---------- EXTRACTED ENTRIES
(* In the location mixture model, let $F$ be any probability distribution on $\mathcal M$ (possibly with infinite support) and let $P^\star$ have density $p^\star=\int_{\mathcal M}\gamma(\cdot;m)\,dF(m)$. If $P^\star\notin\Pi_K$, then $H(P^\star|\Pi_{K+1})<H(P^\star|\Pi_K)$.
   Context: Location mixture model: $\sigma>0$ is known, $\gamma(\cdot;m)$ is the density (w.r.t. Lebesgue measure on $\mathbb R$) of the normal distribution with mean $m$ and variance $\sigma^2$, and $\mathcal M\subset\mathbb R$ is compact. $\Theta_1=\mathcal M$ and $p_\theta=\gamma(\cdot;\theta)$; for $K\ge2$, $\Theta_K=\{(\pi,\mathbf m):\pi\in[0,\infty)^{K-1},\sum_{k<K}\pi_k\le1,\ \mathbf m\in\mathcal M^K\}$, and $P_\theta$ has density $p_\theta=\sum_{k=1}^{K-1}\pi_k\gamma(\cdot;m_k)+(1-\sum_{k<K}\pi_k)\gamma(\cdot;m_K)$. $\Pi_K=\{P_\theta:\theta\in\Theta_K\}$. $H(P|Q)=\int\log(dP/dQ)\,dP$ if $P\ll Q$, $+\infty$ otherwise; $H(P|\Pi)=\inf_{Q\in\Pi}H(P|Q)$. *)

theory Defs
  imports "HOL-Probability.Probability"
begin

definition gam :: "real \<Rightarrow> real \<Rightarrow> real \<Rightarrow> real" where
  "gam \<sigma> m x = normal_density m \<sigma> x"

definition mix_density :: "real \<Rightarrow> nat \<Rightarrow> (nat \<Rightarrow> real) \<Rightarrow> (nat \<Rightarrow> real) \<Rightarrow> real \<Rightarrow> real" where
  "mix_density \<sigma> K w m x =
     (\<Sum>k<K - 1. w k * gam \<sigma> (m k) x) + (1 - (\<Sum>k<K - 1. w k)) * gam \<sigma> (m (K - 1)) x"

definition Theta :: "real set \<Rightarrow> nat \<Rightarrow> ((nat \<Rightarrow> real) \<times> (nat \<Rightarrow> real)) set" where
  "Theta Ms K = {(w, m). (\<forall>k<K - 1. 0 \<le> w k) \<and> (\<Sum>k<K - 1. w k) \<le> 1 \<and> (\<forall>k<K. m k \<in> Ms)}"

definition Pi_model :: "real \<Rightarrow> real set \<Rightarrow> nat \<Rightarrow> real measure set" where
  "Pi_model \<sigma> Ms K = {density lborel (mix_density \<sigma> K w m) | w m. (w, m) \<in> Theta Ms K}"

text \<open>Relative entropy H(P|Q) = int log(dP/dQ) dP if P << Q, +infinity otherwise.
  The integral is taken in the extended reals as (positive part) - (negative part).\<close>
definition rel_entropy :: "real measure \<Rightarrow> real measure \<Rightarrow> ereal" where
  "rel_entropy P Q =
    (if absolutely_continuous Q P then
       enn2ereal (\<integral>\<^sup>+ x. ennreal (max 0 (ln (enn2real (RN_deriv Q P x)))) \<partial>P)
       - enn2ereal (\<integral>\<^sup>+ x. ennreal (max 0 (- ln (enn2real (RN_deriv Q P x)))) \<partial>P)
     else \<infinity>)"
--------------------
WHAT THE TASK REQUIRES: Copy every record once more, exactly as given.

WORKED SOLUTION:
(* In the location mixture model, let $F$ be any probability distribution on $\mathcal M$ (possibly with infinite support) and let $P^\star$ have density $p^\star=\int_{\mathcal M}\gamma(\cdot;m)\,dF(m)$. If $P^\star\notin\Pi_K$, then $H(P^\star|\Pi_{K+1})<H(P^\star|\Pi_K)$.
   Context: Location mixture model: $\sigma>0$ is known, $\gamma(\cdot;m)$ is the density (w.r.t. Lebesgue measure on $\mathbb R$) of the normal distribution with mean $m$ and variance $\sigma^2$, and $\mathcal M\subset\mathbb R$ is compact. $\Theta_1=\mathcal M$ and $p_\theta=\gamma(\cdot;\theta)$; for $K\ge2$, $\Theta_K=\{(\pi,\mathbf m):\pi\in[0,\infty)^{K-1},\sum_{k<K}\pi_k\le1,\ \mathbf m\in\mathcal M^K\}$, and $P_\theta$ has density $p_\theta=\sum_{k=1}^{K-1}\pi_k\gamma(\cdot;m_k)+(1-\sum_{k<K}\pi_k)\gamma(\cdot;m_K)$. $\Pi_K=\{P_\theta:\theta\in\Theta_K\}$. $H(P|Q)=\int\log(dP/dQ)\,dP$ if $P\ll Q$, $+\infty$ otherwise; $H(P|\Pi)=\inf_{Q\in\Pi}H(P|Q)$. *)

theory Defs
  imports "HOL-Probability.Probability"
begin

definition gam :: "real \<Rightarrow> real \<Rightarrow> real \<Rightarrow> real" where
  "gam \<sigma> m x = normal_density m \<sigma> x"

definition mix_density :: "real \<Rightarrow> nat \<Rightarrow> (nat \<Rightarrow> real) \<Rightarrow> (nat \<Rightarrow> real) \<Rightarrow> real \<Rightarrow> real" where
  "mix_density \<sigma> K w m x =
     (\<Sum>k<K - 1. w k * gam \<sigma> (m k) x) + (1 - (\<Sum>k<K - 1. w k)) * gam \<sigma> (m (K - 1)) x"

definition Theta :: "real set \<Rightarrow> nat \<Rightarrow> ((nat \<Rightarrow> real) \<times> (nat \<Rightarrow> real)) set" where
  "Theta Ms K = {(w, m). (\<forall>k<K - 1. 0 \<le> w k) \<and> (\<Sum>k<K - 1. w k) \<le> 1 \<and> (\<forall>k<K. m k \<in> Ms)}"

definition Pi_model :: "real \<Rightarrow> real set \<Rightarrow> nat \<Rightarrow> real measure set" where
  "Pi_model \<sigma> Ms K = {density lborel (mix_density \<sigma> K w m) | w m. (w, m) \<in> Theta Ms K}"

text \<open>Relative entropy H(P|Q) = int log(dP/dQ) dP if P << Q, +infinity otherwise.
  The integral is taken in the extended reals as (positive part) - (negative part).\<close>
definition rel_entropy :: "real measure \<Rightarrow> real measure \<Rightarrow> ereal" where
  "rel_entropy P Q =
    (if absolutely_continuous Q P then
       enn2ereal (\<integral>\<^sup>+ x. ennreal (max 0 (ln (enn2real (RN_deriv Q P x)))) \<partial>P)
       - enn2ereal (\<integral>\<^sup>+ x. ennreal (max 0 (- ln (enn2real (RN_deriv Q P x)))) \<partial>P)
     else \<infinity>)"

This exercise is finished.